Balinese art is not made to last. Humidity wilts paper and rots cloth paintings; dogs or people eat the magnificent offerings; white ants perforate wooden sculptures, all of which must be refurbished constantly. All this rebuilding, renovating, and replacing assumes that the island’s unparalleled concentration of ephemeral folk art continually evolves and perpetuates itself.

Communal Art
Whereas in the West, an artist pours a great amount of energy into establishing a distinctive style and technique to achieve personal wealth and fame, Balinese artists subordinate their ego to the needs of the community and to the requirements of the belief system. Art is an expression of their collective thought. Many paintings, carvings, and sculptures are made communally in workshops, where a master craftsman supervises a group of apprentices.

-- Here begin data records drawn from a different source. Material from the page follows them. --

lemma triv_iso_bij: "bij_betw triv_iso (carrier T_LG) (carrier TL_G)"
proof (rule bij_betw_byWitness[where f' = triv_iso_inv])
  show "\<forall>p\<in>carrier T_LG. triv_iso_inv (triv_iso p) = p"
  proof
    fix p assume "p \<in> carrier T_LG"
    then obtain u \<Phi> where p: "p = (u, \<Phi>)" and u: "u \<in> carrier LG" and \<Phi>: "\<Phi> \<in> lin_dual K LG"
      by (auto simp: triv_ext_simps)
    have "dual_from_components (\<lambda>x. snd (triv_iso p x)) = \<Phi>"
    proof (rule lin_dual_eqI[OF dual_from_components_lin_dual \<Phi>])
      show "snd (triv_iso p x) \<in> lin_dual K L" if "x \<in> carrier G" for x
        using that by (simp add: p triv_iso_apply dual_component_lin_dual[OF \<Phi>])
      show "dual_from_components (\<lambda>x. snd (triv_iso p x)) U = \<Phi> U" if "U \<in> carrier LG" for U
        using that by (auto simp: dual_from_components_def p triv_iso_apply PiE_iff
            lin_dual_expansion[OF \<Phi>] dual_component_closed[OF \<Phi>] intro!: K.finsum_cong')
    qed
    moreover have "(\<lambda>x\<in>carrier G. fst (triv_iso p x)) = u"
      using u by (intro extensionalityI[OF restrict_extensional]) (auto simp: p triv_iso_apply PiE_iff)
    ultimately show "triv_iso_inv (triv_iso p) = p"
      by (simp add: triv_iso_inv_def p)
  qed
  show "\<forall>w\<in>carrier TL_G. triv_iso (triv_iso_inv w) = w"
  proof
    fix w assume w: "w \<in> carrier TL_G"
    then have components: "snd (w x) \<in> lin_dual K L" if "x \<in> carrier G" for x
      using that by (auto simp: triv_ext_simps PiE_iff mem_Times_iff)
    show "triv_iso (triv_iso_inv w) = w"
    proof (rule PiE_ext)
      show "triv_iso (triv_iso_inv w) \<in> carrier G \<rightarrow>\<^sub>E carrier TL" "w \<in> carrier G \<rightarrow>\<^sub>E carrier TL"
        using triv_iso_closed[OF triv_iso_inv_closed[OF w]] w by simp_all
      show "triv_iso (triv_iso_inv w) x = w x" if "x \<in> carrier G" for x
        using that by (simp add: triv_iso_inv_def triv_iso_apply
            dual_component_dual_from_components[OF components])
    qed
  qed
  show "triv_iso ` carrier T_LG \<subseteq> carrier TL_G"
    using triv_iso_closed by blast
  show "triv_iso_inv ` carrier TL_G \<subseteq> carrier T_LG"
    using triv_iso_inv_closed by blast
qed

lemma triv_iso_add:
  assumes "p \<in> carrier T_LG" "q \<in> carrier T_LG"
  shows "triv_iso (p \<oplus>\<^bsub>T_LG\<^esub> q) = triv_iso p \<oplus>\<^bsub>TL_G\<^esub> triv_iso q"
  using assms
  by (auto simp: triv_iso_def triv_ext_simps skew_group_alg_simps dual_component_def
      intro!: restrict_ext)

lemma triv_iso_smult:
  assumes "t \<in> carrier K" "p \<in> carrier T_LG"
  shows "triv_iso (t \<odot>\<^bsub>T_LG\<^esub> p) = t \<odot>\<^bsub>TL_G\<^esub> triv_iso p"
  using assms
  by (auto simp: triv_iso_def triv_ext_simps skew_group_alg_simps dual_component_def
      intro!: restrict_ext)

lemma triv_iso_one: "triv_iso \<one>\<^bsub>T_LG\<^esub> = \<one>\<^bsub>TL_G\<^esub>"
  by (auto simp: triv_iso_def triv_ext_simps skew_group_alg_simps dual_component_def
      intro!: restrict_ext)

lemma dual_component_triv_mult:
  assumes u: "u \<in> carrier LG" and \<Phi>: "\<Phi> \<in> lin_dual K LG"
    and u': "u' \<in> carrier LG" and \<Phi>': "\<Phi>' \<in> lin_dual K LG"
    and x: "x \<in> carrier G" and c: "c \<in> carrier L"
  shows "dual_component (snd ((u, \<Phi>) \<otimes>\<^bsub>T_LG\<^esub> (u', \<Phi>'))) x c =
    (\<Oplus>\<^bsub>K\<^esub>g\<in>carrier G. dual_component \<Phi>' (inv\<^bsub>G\<^esub> g \<otimes>\<^bsub>G\<^esub> x) (act (inv\<^bsub>G\<^esub> g) (c \<otimes>\<^bsub>L\<^esub> u g))
       \<oplus>\<^bsub>K\<^esub> dual_component \<Phi> g (act g (u' (inv\<^bsub>G\<^esub> g \<otimes>\<^bsub>G\<^esub> x)) \<otimes>\<^bsub>L\<^esub> c))"
    (is "_ = ?rhs")
proof -
  let ?C = "single (inv\<^bsub>G\<^esub> x) (act (inv\<^bsub>G\<^esub> x) c)"
  have "dual_component (snd ((u, \<Phi>) \<otimes>\<^bsub>T_LG\<^esub> (u', \<Phi>'))) x c =
      \<Phi>' (?C \<otimes>\<^bsub>LG\<^esub> u) \<oplus>\<^bsub>K\<^esub> \<Phi> (u' \<otimes>\<^bsub>LG\<^esub> ?C)"
    using x c by (simp add: dual_component_def triv_ext_simps)
  also have "\<dots> =
      (\<Oplus>\<^bsub>K\<^esub>g\<in>carrier G. dual_component \<Phi>' (inv\<^bsub>G\<^esub> g \<otimes>\<^bsub>G\<^esub> x) (act (inv\<^bsub>G\<^esub> g) (c \<otimes>\<^bsub>L\<^esub> u g))) \<oplus>\<^bsub>K\<^esub>
      (\<Oplus>\<^bsub>K\<^esub>g\<in>carrier G. dual_component \<Phi> g (act g (u' (inv\<^bsub>G\<^esub> g \<otimes>\<^bsub>G\<^esub> x)) \<otimes>\<^bsub>L\<^esub> c))"
    by (simp only: lin_dual_mult_single_left[OF \<Phi>' u x c] lin_dual_mult_single_right[OF \<Phi> u' x c])
  also have "\<dots> = ?rhs"
    using u u' x c
    by (intro K.finsum_addf[symmetric])
       (auto simp: dual_component_closed[OF \<Phi>] dual_component_closed[OF \<Phi>'] PiE_iff)
  finally show ?thesis .
qed

lemma triv_iso_mult_apply:
  assumes p: "p \<in> carrier T_LG" and q: "q \<in> carrier T_LG" and x: "x \<in> carrier G"
  shows "(triv_iso p \<otimes>\<^bsub>TL_G\<^esub> triv_iso q) x = triv_iso (p \<otimes>\<^bsub>T_LG\<^esub> q) x"
proof -
  obtain u \<Phi> u' \<Phi>' where pq: "p = (u, \<Phi>)" "q = (u', \<Phi>')"
    and u: "u \<in> carrier LG" and \<Phi>: "\<Phi> \<in> lin_dual K LG"
    and u': "u' \<in> carrier LG" and \<Phi>': "\<Phi>' \<in> lin_dual K LG"
    using p q by (auto simp: triv_ext_simps)
  let ?summand = "\<lambda>g. triv_iso p g \<otimes>\<^bsub>TL\<^esub> triv_action G L act g (triv_iso q (inv\<^bsub>G\<^esub> g \<otimes>\<^bsub>G\<^esub> x))"
  have summand: "?summand g = (u g \<otimes>\<^bsub>L\<^esub> act g (u' (inv\<^bsub>G\<^esub> g \<otimes>\<^bsub>G\<^esub> x)), \<lambda>c\<in>carrier L.
      dual_component \<Phi>' (inv\<^bsub>G\<^esub> g \<otimes>\<^bsub>G\<^esub> x) (act (inv\<^bsub>G\<^esub> g) (c \<otimes>\<^bsub>L\<^esub> u g))
        \<oplus>\<^bsub>K\<^esub> dual_component \<Phi> g (act g (u' (inv\<^bsub>G\<^esub> g \<otimes>\<^bsub>G\<^esub> x)) \<otimes>\<^bsub>L\<^esub> c))"
    if g: "g \<in> carrier G" for g
    using g x u by (simp add: pq triv_iso_apply triv_ext_simps PiE_iff cong: restrict_cong)
  have "?summand \<in> carrier G \<rightarrow> carrier TL"
    using p q x by (intro Pi_I TL_mult_closed triv_action_closed triv_iso_value_closed) auto
  then have "(triv_iso p \<otimes>\<^bsub>TL_G\<^esub> triv_iso q) x =
      (\<Oplus>\<^bsub>L\<^esub>g\<in>carrier G. fst (?summand g), \<lambda>c\<in>carrier L. \<Oplus>\<^bsub>K\<^esub>g\<in>carrier G. snd (?summand g) c)"
    using x by (simp add: skew_group_alg_simps finsum_triv_ext[OF Lmod.module_axioms finite_carrier])
  also have "(\<Oplus>\<^bsub>L\<^esub>g\<in>carrier G. fst (?summand g)) = (u \<otimes>\<^bsub>LG\<^esub> u') x"
    using x u u' by (auto simp: summand skew_group_alg_simps PiE_iff intro!: L.finsum_cong')
  also have "(\<lambda>c\<in>carrier L. \<Oplus>\<^bsub>K\<^esub>g\<in>carrier G. snd (?summand g) c) =
      dual_component (snd (p \<otimes>\<^bsub>T_LG\<^esub> q)) x"
  proof (rule extensionalityI[OF restrict_extensional])
    show "dual_component (snd (p \<otimes>\<^bsub>T_LG\<^esub> q)) x \<in> extensional (carrier L)"
      by (simp add: dual_component_def)
    fix c assume c: "c \<in> carrier L"
    have "(\<Oplus>\<^bsub>K\<^esub>g\<in>carrier G. snd (?summand g) c) = (\<Oplus>\<^bsub>K\<^esub>g\<in>carrier G.
        dual_component \<Phi>' (inv\<^bsub>G\<^esub> g \<otimes>\<^bsub>G\<^esub> x) (act (inv\<^bsub>G\<^esub> g) (c \<otimes>\<^bsub>L\<^esub> u g))
          \<oplus>\<^bsub>K\<^esub> dual_component \<Phi> g (act g (u' (inv\<^bsub>G\<^esub> g \<otimes>\<^bsub>G\<^esub> x)) \<otimes>\<^bsub>L\<^esub> c))"
      using x u u' c
      by (intro K.finsum_cong')
         (auto simp: summand PiE_iff dual_component_closed[OF \<Phi>] dual_component_closed[OF \<Phi>'])
    then show "(\<lambda>c\<in>carrier L. \<Oplus>\<^bsub>K\<^esub>g\<in>carrier G. snd (?summand g) c) c =
        dual_component (snd (p \<otimes>\<^bsub>T_LG\<^esub> q)) x c"
      using c by (simp add: pq dual_component_triv_mult[OF u \<Phi> u' \<Phi>' x c])
  qed
  finally show ?thesis
    using x by (simp add: triv_iso_apply pq triv_ext_simps)
qed

lemma triv_iso_mult:
  assumes "p \<in> carrier T_LG" "q \<in> carrier T_LG"
  shows "triv_iso (p \<otimes>\<^bsub>T_LG\<^esub> q) = triv_iso p \<otimes>\<^bsub>TL_G\<^esub> triv_iso q"
proof (rule extensionalityI)
  show "triv_iso (p \<otimes>\<^bsub>T_LG\<^esub> q) \<in> extensional (carrier G)"
    by (simp add: triv_iso_def split: prod.split)
  show "triv_iso p \<otimes>\<^bsub>TL_G\<^esub> triv_iso q \<in> extensional (carrier G)"
    by (simp add: skew_group_alg_simps)
  show "triv_iso (p \<otimes>\<^bsub>T_LG\<^esub> q) x = (triv_iso p \<otimes>\<^bsub>TL_G\<^esub> triv_iso q) x" if "x \<in> carrier G" for x
    using triv_iso_mult_apply[OF assms that] by simp
qed

lemma triv_iso_alg_iso: "alg_iso K T_LG TL_G triv_iso"
  unfolding alg_iso_def ring_iso_def ring_hom_def
  using triv_iso_closed triv_iso_mult triv_iso_add triv_iso_one triv_iso_bij triv_iso_smult
  by auto

end

theorem proposition1p4:
  fixes K :: "'k ring" and G :: "'g monoid" and L :: "('k, 'a) module"
    and act :: "'g \<Rightarrow> 'a \<Rightarrow> 'a"
  assumes "algebraically_closed K"
    and "comm_group G" and "finite (carrier G)"
    and "[card (carrier G)] \<cdot>\<^bsub>K\<^esub> \<one>\<^bsub>K\<^esub> \<in> Units K"
    and "k_algebra K L" and "fin_dim K L"
    and "alg_action K G L act"
  shows "alg_isomorphic K (triv_ext K (skew_group_alg G L act))
           (skew_group_alg G (triv_ext K L) (triv_action G L act))"
proof -
  interpret finite_alg_action K G L act
    by (rule finite_alg_action.intro) (use assms comm_group.axioms(2) in blast)+
  show ?thesis
    unfolding alg_isomorphic_def using triv_iso_alg_iso by blast
qed

end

A statue or a gamelan composition may also frequently be the work of more than one artist, and the instructor may very well execute a portion of a pupil’s painting. Though the colors and technique might be easily recognizable as the work of an individual, artists repeatedly use traditional standard themes and motifs executed in the local style. More decoration than art, the products of Bali’s non-academically trained artisans still show a mastery of craftsmanship.

Historical Perspective
Since the 15th century, the island has been visited by traders from all over the world, all of whom have unwittingly influenced Balinese art. From every foreign culture they’ve come in contact with, the Balinese have absorbed what they wanted-digesting it, improving upon it, and creating what is probably Asia’s most artistic civilization.

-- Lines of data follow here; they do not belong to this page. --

text \<open>Toric filter. Since D^tor_{I,V-I} is (locally) a 2-dimensional flat, the intersection
  with the closed chamber is two-dimensional iff it contains a nonempty relatively open piece of it.\<close>
definition toric_filter :: "('a::finite) set set \<Rightarrow> ('a \<times> 'a) set \<Rightarrow> 'a set \<Rightarrow> bool" where
  "toric_filter E \<omega> I \<longleftrightarrow> I = {} \<or> I = UNIV \<or>
     (I \<noteq> {} \<and> I \<noteq> UNIV \<and>
      (\<exists>U. open U \<and> U \<inter> D_tor {I, -I} \<noteq> {} \<and>
           U \<inter> D_tor {I, -I} \<subseteq> closure (toric_chamber E \<omega>)))"

definition complete_graph :: "'a set set" where
  "complete_graph = {{i,j} | i j. i \<noteq> j}"

definition lin_orient :: "'a list \<Rightarrow> ('a \<times> 'a) set" where
  "lin_orient w = {(w!a, w!b) | a b. a < b \<and> b < length w}"

definition cyclically_consecutive :: "'a list \<Rightarrow> 'a set \<Rightarrow> bool" where
  "cyclically_consecutive w I \<longleftrightarrow> (\<exists>k. set (take (card I) (rotate k w)) = I)"

definition total_toric_extension :: "('a::finite) set set \<Rightarrow> ('a \<times> 'a) set \<Rightarrow> 'a list \<Rightarrow> bool" where
  "total_toric_extension E \<omega> w \<longleftrightarrow> distinct w \<and> set w = UNIV \<and>
     toric_chamber complete_graph (lin_orient w) \<subseteq> toric_chamber E \<omega>"

end

theory Submission
  imports Defs
begin
(* Let $\sqsubset$ be a precedence on a finite signature $\mathcal F$ with rank function $\mathrm{rk}$, and let $(G,l,r)$ be a constructor graph rewrite rule with $G{\restriction}r\sqsubset_{\mathrm{pt}}G{\restriction}l$. Let $G_L\in\mathcal{TG}_{\mathrm{nrm}}(\mathcal F)$ be a closed instance of $G{\restriction}l$ (i.e. a closed term graph with a homomorphism $\psi:G{\restriction}l\to G_L$ mapping $l$ to $\rho_{G_L}$), and let $G_R\in\mathcal{TG}_{\mathrm{nrm}}(\mathcal F)$ be the corresponding closed instance of $G{\restriction}r$ (obtained by instantiating each unlabeled node $x$ of $G{\restriction}r$ with $G_L{\restriction}\psi(x)$, i.e. the result of rewriting $G_L$ at its root with the redex $((G,l,r),\psi)$). If $|G{\restriction}r|\le\ell$ for a positive integer $\ell$, then $\pi_\ell(G_R)<\pi_\ell(G_L)$.
   Context: Term graphs. $\mathcal F=\mathcal C\cup\mathcal D$ is a finite signature (constructors and defined symbols, disjoint) with arity function $\mathrm{ar}$. A labeled graph consists of a finite acyclic directed graph $(V_G,E_G)$, a partial labeling $\mathrm{lab}_G:V_G\to\mathcal F$ and a successor function $\mathrm{att}_G:V_G\to V_G^*$ such that $\mathrm{att}_G(v)$ has length $\mathrm{ar}(\mathrm{lab}_G(v))$ if $v$ is labeled and is empty otherwise, and the set of entries of $\mathrm{att}_G(v)$ equals $\{u:(v,u)\in E_G\}$. Unlabeled nodes act as variables. A term graph additionally has a root $\rho_G$ from which every node is reachable; $\mathcal{TG}(\mathcal C)$ denotes term graphs whose labeled nodes carry constructors. $G{\restriction}v$ is the sub-term graph of nodes reachable from $v$; $H\subseteq G$ means $H=G{\restriction}v$ for some $v$. $|G|=|V_G|$. $\mathrm{depth}(G)$ is the length of a longest path from $\rho_G$. $G$ is closed if every node is labeled; basic if $\mathrm{lab}_G(\rho_G)\in\mathcal D$ and $G{\restriction}v\in\mathcal{TG}(\mathcal C)$ for every successor $v$ of $\rho_G$. Homomorphisms preserve labels, successor sequences (at labeled nodes only) and the normal/safe split. A graph rewrite rule $(K,l,r)$ is a labeled graph with distinct nodes $l,r$, every unlabeled node of $K{\restriction}r$ lying in $K{\restriction}l$; it is a constructor rule if $K{\restriction}l$ is basic. Argument separation. The argument positions of each $f\in\mathcal F$ are split into normal and safe ones; constructors have only safe positions; nodes with the same label have the same separation. $\mathrm{nrm}(v)$ (resp. $\mathrm{safe}(v)$) is the set of successors of $v$ at normal (resp. safe) positions. $H\sqsubset_{\mathrm{nrm}}G$ means $H\subseteq G{\restriction}v$ for some $v\in\mathrm{nrm}(\rho_G)$. Precedence. A precedence $\sqsubset$ is a well-founded strict partial order on $\mathcal F$ with all constructors minimal, with a rank function $\mathrm{rk}:\mathcal F\to\mathbb N$ compatible with it ($g\sqsubset f$ implies $\mathrm{rk}(g)<\mathrm{rk}(f)$). $H\sqsubset_{\mathrm{pt}}G$ holds if $\mathrm{lab}_H(v)\sqsubset\mathrm{lab}_G(\rho_G)$ for every labeled node $v$ of $H$ and either (1) $H=G{\restriction}u$ or $H\sqsubset_{\mathrm{pt}}G{\restriction}u$ for some successor $u$ of $\rho_G$; or (2) $\rho_H$ is labeled, $H{\restriction}v\sqsubset_{\mathrm{nrm}}G$ for each $v\in\mathrm{nrm}(\rho_H)$, and $H{\restriction}v\sqsubset_{\mathrm{pt}}G$ for each $v\in\mathrm{safe}(\rho_H)$. Safe paths and $\mathcal{TG}_{\mathrm{nrm}}$. A path is safe if each next node is a safe successor of the previous one; $\mathrm{SP}_G(v)$ is the set of nodes lying on a safe path from $v$ (including $v$), and $\mathrm{SP}_G=\mathrm{SP}_G(\rho_G)$. $G\in\mathcal{TG}_{\mathrm{nrm}}(\mathcal F)$ iff $G\in\mathcal{TG}(\mathcal C)$, or $G{\restriction}v\in\mathcal{TG}(\mathcal C)$ for all $v\in\mathrm{nrm}(\rho_G)$ and $G{\restriction}v\in\mathcal{TG}_{\mathrm{nrm}}(\mathcal F)$ for all $v\in\mathrm{safe}(\rho_G)$. Interpretation. For a positive integer $\ell$ and a closed term graph $G$ with labeled root, let $\mathrm{pj}_\ell(G)=(1+\ell)^{2\,\mathrm{rk}(\mathrm{lab}_G(\rho_G))}\cdot\big(1+\sum_{u\in\mathrm{nrm}(\rho_G)}\mathrm{depth}(G{\restriction}u)\big)$, and for $G\in\mathcal{TG}_{\mathrm{nrm}}(\mathcal F)$ closed let $\pi_\ell(G)=\sum\{\mathrm{pj}_\ell(G{\restriction}v) : v\in\mathrm{SP}_G,\ G{\restriction}v\notin\mathcal{TG}(\mathcal C)\}$ (so $\pi_\ell(G)=0$ if $G\in\mathcal{TG}(\mathcal C)$). *)

theory Defs
  imports Main
begin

Their greatest inspiration was received from India via ancient Java. But starting in about 1596, extensive mercantile contacts with Europe, Japan, China, Indochina, Polynesia, and Arabia provided an international palette of influences. Decorative motifs, props, sculpture and painting techniques, and themes and characters for their theatrical performances were borrowed from the outside cultures. The Balinese are unabashed and uncanny copyists. Some of their paintings and stone carvings-a holdup, a plane crash, atomic bomb explosions-are copied right out of magazines or posters.

Ancient Balinese Art
As early as 300 BC, coastal inhabitants created metal bells, lances, spiral-shaped rings, bronze implements, bracelets, and magnificent woven textiles. Although physical remnants of this culture are few, much of the spirit of these first Balinese has been passed down and is visible today in textile patterns, sculptural and dancing styles, theater forms, and rituals. In particular, the native Bali Aga of the highlands still adheres to pre-Hindu practices.

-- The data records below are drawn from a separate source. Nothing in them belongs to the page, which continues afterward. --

lemma vertex_on_second_ray:
  assumes vp: "valid_probe \<omega> vs q d" and \<omega>: "0 < \<omega>" "\<omega> < pi" and i: "i < length vs"
    and max: "vertex_maximizes vs i (\<i> * (d * cis \<omega>))"
  shows "vs ! i \<in> ray q (d * cis \<omega>)"
proof -
  obtain x where "x \<in> ray q (d * cis \<omega>)" and x_region: "x \<in> polygon_region vs"
    using vp by (auto simp: valid_probe_def)
  then obtain u where x: "x = q + of_real u * (d * cis \<omega>)" by (auto simp: ray_def)
  obtain s t where "s \<ge> 0" "t \<ge> 0" and A: "vs ! i = q + of_real s * d + of_real t * (d * cis \<omega>)"
    using valid_probe_vertex_coords[OF vp i] .
  have diff: "vs ! i - x = of_real s * d + of_real (t - u) * (d * cis \<omega>)"
    by (simp add: A x algebra_simps)
  have "(\<i> * (d * cis \<omega>)) \<bullet> vs ! i - (\<i> * (d * cis \<omega>)) \<bullet> x = cross2 (d * cis \<omega>) (vs ! i - x)"
    by (simp add: cross2_eq_inner inner_diff_right)
  also have "\<dots> = - (s * (cmod d)^2 * sin \<omega>)"
    unfolding diff cross2_wedge_coords ..
  finally have "(\<i> * (d * cis \<omega>)) \<bullet> vs ! i - (\<i> * (d * cis \<omega>)) \<bullet> x = - (s * (cmod d)^2 * sin \<omega>)" .
  moreover have "(\<i> * (d * cis \<omega>)) \<bullet> x \<le> (\<i> * (d * cis \<omega>)) \<bullet> vs ! i"
    using vertex_maximizes_polygon_region[OF max x_region] .
  moreover have "(cmod d)^2 * sin \<omega> > 0"
    using vp \<omega> by (simp add: valid_probe_def sin_gt_zero)
  ultimately have "s = 0"
    using \<open>s \<ge> 0\<close> by (smt (verit) mult_pos_pos mult.assoc)
  then show ?thesis
    using \<open>t \<ge> 0\<close> by (auto simp: A ray_def)
qed

lemma vertex_normal_cone_arc:
  assumes cv: "convex_polygon vs" and i: "i < length vs" and "d \<noteq> 0"
  obtains \<beta> where "0 \<le> \<beta>" "\<beta> < 2 * pi"
    "\<And>t. 0 \<le> t \<Longrightarrow> t \<le> turn_angle vs i \<Longrightarrow> vertex_maximizes vs i (- (\<i> * d * cis (\<beta> + t)))"
    "\<And>t. 0 < t \<Longrightarrow> t < turn_angle vs i \<Longrightarrow> vertex_strictly_maximizes vs i (- (\<i> * d * cis (\<beta> + t)))"
proof -
  let ?e = "vs ! i - vs ! prev_idx vs i"
  define \<beta> where "\<beta> = Arg2pi (?e / d)"
  define \<rho> where "\<rho> = cmod (?e / d)"
  have "\<rho> > 0"
    using convex_polygon_edges_nonzero[OF cv i] \<open>d \<noteq> 0\<close> by (simp add: \<rho>_def)
  have "?e / d = of_real \<rho> * cis \<beta>"
    using Arg2pi[of "?e / d"] by (simp add: \<beta>_def \<rho>_def is_Arg_def cis_conv_exp)
  then have "?e = d * (of_real \<rho> * cis \<beta>)"
    using \<open>d \<noteq> 0\<close> by (simp add: field_simps)
  then have normal: "- (\<i> * ?e * cis t) = of_real \<rho> * (- (\<i> * d * cis (\<beta> + t)))" for t
    by (simp add: cis_mult[symmetric] algebra_simps)
  show ?thesis
  proof
    show "0 \<le> \<beta>" "\<beta> < 2 * pi" using Arg2pi by (simp_all add: \<beta>_def)
    show "vertex_maximizes vs i (- (\<i> * d * cis (\<beta> + t)))" if "0 \<le> t" "t \<le> turn_angle vs i" for t
      using vertex_maximizes_normal_cone[OF cv i that]
      unfolding normal vertex_maximizes_scale[OF \<open>\<rho> > 0\<close>] .
    show "vertex_strictly_maximizes vs i (- (\<i> * d * cis (\<beta> + t)))" if "0 < t" "t < turn_angle vs i" for t
      using vertex_strictly_maximizes_normal_cone[OF cv i that]
      unfolding normal vertex_strictly_maximizes_scale[OF \<open>\<rho> > 0\<close>] .
  qed
qed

An example of a motif of pure native origin is the lovely cili figure of a girl shaped like an hourglass, seen everywhere in palm-leaf ornaments for temples, on cakes, standing in rice fields, and even made out of Chinese coins sewn together. The mysterious cili is thought to derive from the island’s original rice deity, Dewi Sri.

Javanese Influence
As early as the 5th century, Bali was ruled by Javanese princes. Every political event and disturbance that occurred on Java had a ripple effect on the political life of Bali, and the art history of Bali reflects the development of art in the mother country.

Java’s golden age of monumental art-A.D. 600-800-finds its counterpart in the evolution of Balinese art. Besides edicts written on old bronze plates (prastasis), other physical remains of this classical period are found today in the vicinity of Pejeng and Bedulu – the area between the two rivers Petanu and Pakerisan – which has always been amazingly rich in antiquities.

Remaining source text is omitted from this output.